Postoperatively, after pterygium excision, the topical steroids are slowly tapered. Patients on topical steroids need to be observed to avoid problems, such as elevated intraocular pressure and cataracts.

Inpatient & Outpatient Medications

See Medication.

Deterrence/Prevention

Theoretically, minimizing exposure to ultraviolet radiation should reduce the risk of development of pterygia in susceptible individuals. Patients are advised to use a hat or a cap with a brim, in addition to ultraviolet-blocking coatings on the lenses of glasses/sunglasses to be used in areas of sun exposure. This precaution is even more important for those patients living in tropical or subtropical areas or for those patients

who are engaged in outdoor activities with a high risk of ultraviolet exposure (eg, fishing, skiing, gardening, outdoor construction work).

Complications

Complications of pterygia include the following: o Distortion and/or reduction of central vision o Redness o Irritation o Chronic scarring of the conjunctiva and the cornea o Extensive involvement of the extraocular muscles may restrict ocular motility and contribute to diplopia.
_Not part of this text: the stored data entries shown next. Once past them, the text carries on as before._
lemma norm_opt_minus_wrap_coeff:
  fixes b :: "int \<Rightarrow> complex"
  assumes bz: "\<And>m. \<bar>m\<bar> > int M0 \<Longrightarrow> b m = 0" and bB: "\<And>m. cmod (b m) \<le> Bx"
    and n: "0 < n" and x0: "0 \<le> x" and xn: "x < int n"
  shows "cmod (((of_nat n - of_int x) * b x + of_int x * b (x - int n)) / of_nat n - (b x + b (x - int n)))
     \<le> (if x \<le> int M0 \<or> int n - x \<le> int M0 then 2 * real M0 * Bx / real n else 0)"
proof -
  have eq: "((of_nat n - of_int x) * b x + of_int x * b (x - int n)) / of_nat n - (b x + b (x - int n)) =
      - (of_int x * b x + (of_nat n - of_int x) * b (x - int n)) / of_nat n"
    using n by (simp add: field_simps)
  have B0: "0 \<le> Bx" using bB[of 0] norm_ge_zero[of "b 0"] by linarith
  have t1: "cmod (of_int x * b x) \<le> (if x \<le> int M0 then real M0 * Bx else 0)"
  proof (cases "x \<le> int M0")
    case True
    have "cmod (of_int x * b x) = real_of_int x * cmod (b x)" using x0 by (simp add: norm_mult)
    also have "\<dots> \<le> real M0 * Bx" using True x0 bB[of x] B0 by (intro mult_mono) auto
    finally show ?thesis using True by simp
  next
    case False thus ?thesis using bz[of x] x0 by simp
  qed
  have t2: "cmod ((of_nat n - of_int x) * b (x - int n)) \<le> (if int n - x \<le> int M0 then real M0 * Bx else 0)"
  proof (cases "int n - x \<le> int M0")
    case True
    have e: "(of_nat n - of_int x :: complex) = of_real (real_of_int (int n - x))" by simp
    have "cmod ((of_nat n - of_int x) * b (x - int n)) = \<bar>real_of_int (int n - x)\<bar> * cmod (b (x - int n))"
      unfolding e norm_mult norm_of_real ..
    also have "\<bar>real_of_int (int n - x)\<bar> = real_of_int (int n - x)" using xn by simp
    finally have "cmod ((of_nat n - of_int x) * b (x - int n)) = real_of_int (int n - x) * cmod (b (x - int n))" .
    also have "\<dots> \<le> real M0 * Bx" using True xn bB[of "x - int n"] B0 by (intro mult_mono) auto
    finally show ?thesis using True by simp
  next
    case False thus ?thesis using bz[of "x - int n"] xn by simp
  qed
  have "cmod (- (of_int x * b x + (of_nat n - of_int x) * b (x - int n)) / of_nat n) =
      cmod (of_int x * b x + (of_nat n - of_int x) * b (x - int n)) / real n"
    by (simp only: norm_divide norm_minus_cancel norm_of_nat)
  also have "\<dots> \<le> ((if x \<le> int M0 then real M0 * Bx else 0) + (if int n - x \<le> int M0 then real M0 * Bx else 0)) / real n"
    using n by (intro divide_right_mono order_trans[OF norm_triangle_ineq] add_mono t1 t2) auto
  also have "\<dots> \<le> (if x \<le> int M0 \<or> int n - x \<le> int M0 then 2 * real M0 * Bx / real n else 0)"
    using B0 n by (auto simp: field_simps)
  finally show ?thesis unfolding eq .
qed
In patients who have not yet undergone surgical excision, scarring of the medial rectus muscle is the most common cause of diplopia. In patients with pterygia who have previously undergone surgical excision, scarring or disinsertion of the medial rectus muscle is the most common cause of diplopia. In patients with significantly elevated pterygia, focal drying and subsequent thinning of the adjacent cornea may rarely occur. Postoperative complications of pterygium repair can include the following: o Infection o Reaction to suture material o Diplopia o Conjunctival graft dehiscence o Corneal scarring o Rare complications may include perforation of the globe, vitreous hemorrhage, or retinal detachment. Late postoperative complications of beta radiation of pterygia can include the following: o Scleral and/or corneal thinning or ectasia can present years or even decades after treatment. o Some of these cases can be quite difficult to manage. In some cases, adjunctive use of topical mitomycin-C at and after pterygium surgery has been reported to cause similar ectasia or melting of the sclera and/or the cornea. The most common complication of pterygium surgery is postoperative recurrence. Simple surgical excision has a high recurrence rate of approximately 50-80%. The rate of recurrence has been reduced to approximately 5-15% with use of conjunctival/limbal autografts or amniotic membrane transplants at the time of excision. On rare occasion, malignant degeneration of epithelial tissue overlying an existing pterygium can occur.

Prognosis

The visual and cosmetic prognosis following excision of pterygia is good. The procedures are well tolerated by patients, and, aside from some discomfort in the first few postoperative days, most patients are able to resume full activity within 48 hours of their surgery. Those patients who develop recurrent pterygia can be retreated with repeat

surgical excision and grafting, with conjunctival/limbal autografts or amniotic membrane transplants in selected patients.

Patient Education

Patients who are at high risk of the development of pterygia because of a positive family history of pterygia or because of extended exposure to ultraviolet irradiation need to be educated in the use of ultraviolet-blocking glasses and other means of reducing ocular exposure to ultraviolet light.

Miscellaneous
Medicolegal Pitfalls

As in any surgical procedure, careful informed consent must be obtained from the patient prior to surgery. While this procedure is fairly common with a very good visual prognosis in most patients, any ocular procedure can be associated with infection, perforation of the globe, vitreous hemorrhage, endophthalmitis, retinal detachment, or diplopia. Patients should be informed that redness and irritation may persist for longer than a month postoperatively. Patients should be informed about the chance of recurrence. The surgeon should check all biopsy results after excision of pterygium to rule out the possibility of an atypical presentation of a malignancy masquerading as a benign pterygium.